Segment Start: Input data

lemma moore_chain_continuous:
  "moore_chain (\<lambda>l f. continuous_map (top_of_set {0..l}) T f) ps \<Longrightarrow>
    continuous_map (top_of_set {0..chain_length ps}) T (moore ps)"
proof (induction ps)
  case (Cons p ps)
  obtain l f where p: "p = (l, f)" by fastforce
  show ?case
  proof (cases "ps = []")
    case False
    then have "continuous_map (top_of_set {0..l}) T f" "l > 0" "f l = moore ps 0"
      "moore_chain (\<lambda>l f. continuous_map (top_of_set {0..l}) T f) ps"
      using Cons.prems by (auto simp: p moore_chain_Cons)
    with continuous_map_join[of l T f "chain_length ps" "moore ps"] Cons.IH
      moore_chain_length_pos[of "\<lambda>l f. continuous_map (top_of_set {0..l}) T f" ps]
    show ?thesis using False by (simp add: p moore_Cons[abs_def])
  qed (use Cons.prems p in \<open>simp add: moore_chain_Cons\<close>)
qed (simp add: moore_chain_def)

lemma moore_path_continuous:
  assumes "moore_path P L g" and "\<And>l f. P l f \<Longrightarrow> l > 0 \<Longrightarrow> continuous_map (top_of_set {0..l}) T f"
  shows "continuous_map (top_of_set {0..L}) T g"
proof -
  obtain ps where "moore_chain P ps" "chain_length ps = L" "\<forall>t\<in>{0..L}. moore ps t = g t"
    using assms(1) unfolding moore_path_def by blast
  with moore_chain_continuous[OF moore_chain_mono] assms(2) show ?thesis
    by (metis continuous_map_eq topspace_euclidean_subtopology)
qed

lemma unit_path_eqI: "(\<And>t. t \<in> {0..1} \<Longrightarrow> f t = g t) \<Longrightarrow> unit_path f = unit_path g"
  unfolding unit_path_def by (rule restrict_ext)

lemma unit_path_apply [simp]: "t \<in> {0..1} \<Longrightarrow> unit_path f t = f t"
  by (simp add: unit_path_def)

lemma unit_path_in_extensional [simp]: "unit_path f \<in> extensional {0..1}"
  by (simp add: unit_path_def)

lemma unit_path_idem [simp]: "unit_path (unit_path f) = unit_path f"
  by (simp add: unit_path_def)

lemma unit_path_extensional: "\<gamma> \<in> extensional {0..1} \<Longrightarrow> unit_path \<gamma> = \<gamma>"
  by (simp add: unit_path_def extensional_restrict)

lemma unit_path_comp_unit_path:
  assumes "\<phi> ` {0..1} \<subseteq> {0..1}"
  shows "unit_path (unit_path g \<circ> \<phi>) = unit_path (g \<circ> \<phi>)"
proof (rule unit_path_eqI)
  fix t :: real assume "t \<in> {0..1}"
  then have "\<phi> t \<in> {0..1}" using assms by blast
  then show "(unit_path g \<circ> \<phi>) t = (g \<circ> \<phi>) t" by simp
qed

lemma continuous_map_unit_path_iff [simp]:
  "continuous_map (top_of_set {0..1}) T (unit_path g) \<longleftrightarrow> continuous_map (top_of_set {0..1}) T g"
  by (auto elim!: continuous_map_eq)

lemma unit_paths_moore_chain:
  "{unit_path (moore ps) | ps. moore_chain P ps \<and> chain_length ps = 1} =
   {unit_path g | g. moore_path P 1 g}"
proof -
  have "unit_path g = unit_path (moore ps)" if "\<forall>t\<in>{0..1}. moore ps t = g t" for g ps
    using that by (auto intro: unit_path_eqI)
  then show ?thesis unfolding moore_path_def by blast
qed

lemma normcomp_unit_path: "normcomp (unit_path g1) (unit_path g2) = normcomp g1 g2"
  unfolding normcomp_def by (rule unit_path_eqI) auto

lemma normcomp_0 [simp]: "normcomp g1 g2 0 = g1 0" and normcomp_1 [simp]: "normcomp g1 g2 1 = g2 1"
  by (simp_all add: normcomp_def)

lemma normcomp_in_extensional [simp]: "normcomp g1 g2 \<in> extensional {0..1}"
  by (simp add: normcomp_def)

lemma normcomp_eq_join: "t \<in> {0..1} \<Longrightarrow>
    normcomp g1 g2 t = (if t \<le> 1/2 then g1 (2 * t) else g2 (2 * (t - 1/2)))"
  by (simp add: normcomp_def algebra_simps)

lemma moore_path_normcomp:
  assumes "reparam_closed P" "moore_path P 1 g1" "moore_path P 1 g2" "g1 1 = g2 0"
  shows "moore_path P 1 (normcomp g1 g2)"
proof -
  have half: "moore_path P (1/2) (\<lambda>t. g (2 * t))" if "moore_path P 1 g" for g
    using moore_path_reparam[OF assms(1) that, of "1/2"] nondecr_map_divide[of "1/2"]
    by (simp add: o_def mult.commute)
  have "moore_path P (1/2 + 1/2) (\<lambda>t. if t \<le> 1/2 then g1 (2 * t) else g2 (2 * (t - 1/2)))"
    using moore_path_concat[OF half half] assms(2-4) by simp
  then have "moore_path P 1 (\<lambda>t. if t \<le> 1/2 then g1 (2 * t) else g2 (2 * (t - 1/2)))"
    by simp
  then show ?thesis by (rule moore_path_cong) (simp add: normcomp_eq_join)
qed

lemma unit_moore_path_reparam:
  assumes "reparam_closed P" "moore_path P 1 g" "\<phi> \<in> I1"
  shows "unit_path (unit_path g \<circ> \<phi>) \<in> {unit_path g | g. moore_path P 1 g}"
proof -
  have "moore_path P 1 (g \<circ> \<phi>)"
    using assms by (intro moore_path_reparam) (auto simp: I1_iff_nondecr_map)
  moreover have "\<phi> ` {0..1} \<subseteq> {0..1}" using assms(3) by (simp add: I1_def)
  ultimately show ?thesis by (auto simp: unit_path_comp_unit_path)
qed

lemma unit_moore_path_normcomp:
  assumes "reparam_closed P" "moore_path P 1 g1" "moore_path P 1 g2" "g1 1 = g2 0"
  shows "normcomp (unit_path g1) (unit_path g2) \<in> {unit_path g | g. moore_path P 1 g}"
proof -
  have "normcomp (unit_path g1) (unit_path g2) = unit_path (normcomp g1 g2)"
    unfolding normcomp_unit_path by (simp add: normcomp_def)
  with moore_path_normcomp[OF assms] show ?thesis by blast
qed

Segment End: Input data

§ **What you have to do**
All of the material is to be written out exactly.

§ **Exercise result**
lemma moore_chain_continuous:
  "moore_chain (\<lambda>l f. continuous_map (top_of_set {0..l}) T f) ps \<Longrightarrow>
    continuous_map (top_of_set {0..chain_length ps}) T (moore ps)"
proof (induction ps)
  case (Cons p ps)
  obtain l f where p: "p = (l, f)" by fastforce
  show ?case
  proof (cases "ps = []")
    case False
    then have "continuous_map (top_of_set {0..l}) T f" "l > 0" "f l = moore ps 0"
      "moore_chain (\<lambda>l f. continuous_map (top_of_set {0..l}) T f) ps"
      using Cons.prems by (auto simp: p moore_chain_Cons)
    with continuous_map_join[of l T f "chain_length ps" "moore ps"] Cons.IH
      moore_chain_length_pos[of "\<lambda>l f. continuous_map (top_of_set {0..l}) T f" ps]
    show ?thesis using False by (simp add: p moore_Cons[abs_def])
  qed (use Cons.prems p in \<open>simp add: moore_chain_Cons\<close>)
qed (simp add: moore_chain_def)

lemma moore_path_continuous:
  assumes "moore_path P L g" and "\<And>l f. P l f \<Longrightarrow> l > 0 \<Longrightarrow> continuous_map (top_of_set {0..l}) T f"
  shows "continuous_map (top_of_set {0..L}) T g"
proof -
  obtain ps where "moore_chain P ps" "chain_length ps = L" "\<forall>t\<in>{0..L}. moore ps t = g t"
    using assms(1) unfolding moore_path_def by blast
  with moore_chain_continuous[OF moore_chain_mono] assms(2) show ?thesis
    by (metis continuous_map_eq topspace_euclidean_subtopology)
qed

lemma unit_path_eqI: "(\<And>t. t \<in> {0..1} \<Longrightarrow> f t = g t) \<Longrightarrow> unit_path f = unit_path g"
  unfolding unit_path_def by (rule restrict_ext)

lemma unit_path_apply [simp]: "t \<in> {0..1} \<Longrightarrow> unit_path f t = f t"
  by (simp add: unit_path_def)

lemma unit_path_in_extensional [simp]: "unit_path f \<in> extensional {0..1}"
  by (simp add: unit_path_def)

lemma unit_path_idem [simp]: "unit_path (unit_path f) = unit_path f"
  by (simp add: unit_path_def)

lemma unit_path_extensional: "\<gamma> \<in> extensional {0..1} \<Longrightarrow> unit_path \<gamma> = \<gamma>"
  by (simp add: unit_path_def extensional_restrict)

lemma unit_path_comp_unit_path:
  assumes "\<phi> ` {0..1} \<subseteq> {0..1}"
  shows "unit_path (unit_path g \<circ> \<phi>) = unit_path (g \<circ> \<phi>)"
proof (rule unit_path_eqI)
  fix t :: real assume "t \<in> {0..1}"
  then have "\<phi> t \<in> {0..1}" using assms by blast
  then show "(unit_path g \<circ> \<phi>) t = (g \<circ> \<phi>) t" by simp
qed

lemma continuous_map_unit_path_iff [simp]:
  "continuous_map (top_of_set {0..1}) T (unit_path g) \<longleftrightarrow> continuous_map (top_of_set {0..1}) T g"
  by (auto elim!: continuous_map_eq)

lemma unit_paths_moore_chain:
  "{unit_path (moore ps) | ps. moore_chain P ps \<and> chain_length ps = 1} =
   {unit_path g | g. moore_path P 1 g}"
proof -
  have "unit_path g = unit_path (moore ps)" if "\<forall>t\<in>{0..1}. moore ps t = g t" for g ps
    using that by (auto intro: unit_path_eqI)
  then show ?thesis unfolding moore_path_def by blast
qed

lemma normcomp_unit_path: "normcomp (unit_path g1) (unit_path g2) = normcomp g1 g2"
  unfolding normcomp_def by (rule unit_path_eqI) auto

lemma normcomp_0 [simp]: "normcomp g1 g2 0 = g1 0" and normcomp_1 [simp]: "normcomp g1 g2 1 = g2 1"
  by (simp_all add: normcomp_def)

lemma normcomp_in_extensional [simp]: "normcomp g1 g2 \<in> extensional {0..1}"
  by (simp add: normcomp_def)

lemma normcomp_eq_join: "t \<in> {0..1} \<Longrightarrow>
    normcomp g1 g2 t = (if t \<le> 1/2 then g1 (2 * t) else g2 (2 * (t - 1/2)))"
  by (simp add: normcomp_def algebra_simps)

lemma moore_path_normcomp:
  assumes "reparam_closed P" "moore_path P 1 g1" "moore_path P 1 g2" "g1 1 = g2 0"
  shows "moore_path P 1 (normcomp g1 g2)"
proof -
  have half: "moore_path P (1/2) (\<lambda>t. g (2 * t))" if "moore_path P 1 g" for g
    using moore_path_reparam[OF assms(1) that, of "1/2"] nondecr_map_divide[of "1/2"]
    by (simp add: o_def mult.commute)
  have "moore_path P (1/2 + 1/2) (\<lambda>t. if t \<le> 1/2 then g1 (2 * t) else g2 (2 * (t - 1/2)))"
    using moore_path_concat[OF half half] assms(2-4) by simp
  then have "moore_path P 1 (\<lambda>t. if t \<le> 1/2 then g1 (2 * t) else g2 (2 * (t - 1/2)))"
    by simp
  then show ?thesis by (rule moore_path_cong) (simp add: normcomp_eq_join)
qed

lemma unit_moore_path_reparam:
  assumes "reparam_closed P" "moore_path P 1 g" "\<phi> \<in> I1"
  shows "unit_path (unit_path g \<circ> \<phi>) \<in> {unit_path g | g. moore_path P 1 g}"
proof -
  have "moore_path P 1 (g \<circ> \<phi>)"
    using assms by (intro moore_path_reparam) (auto simp: I1_iff_nondecr_map)
  moreover have "\<phi> ` {0..1} \<subseteq> {0..1}" using assms(3) by (simp add: I1_def)
  ultimately show ?thesis by (auto simp: unit_path_comp_unit_path)
qed

lemma unit_moore_path_normcomp:
  assumes "reparam_closed P" "moore_path P 1 g1" "moore_path P 1 g2" "g1 1 = g2 0"
  shows "normcomp (unit_path g1) (unit_path g2) \<in> {unit_path g | g. moore_path P 1 g}"
proof -
  have "normcomp (unit_path g1) (unit_path g2) = unit_path (normcomp g1 g2)"
    unfolding normcomp_unit_path by (simp add: normcomp_def)
  with moore_path_normcomp[OF assms] show ?thesis by blast
qed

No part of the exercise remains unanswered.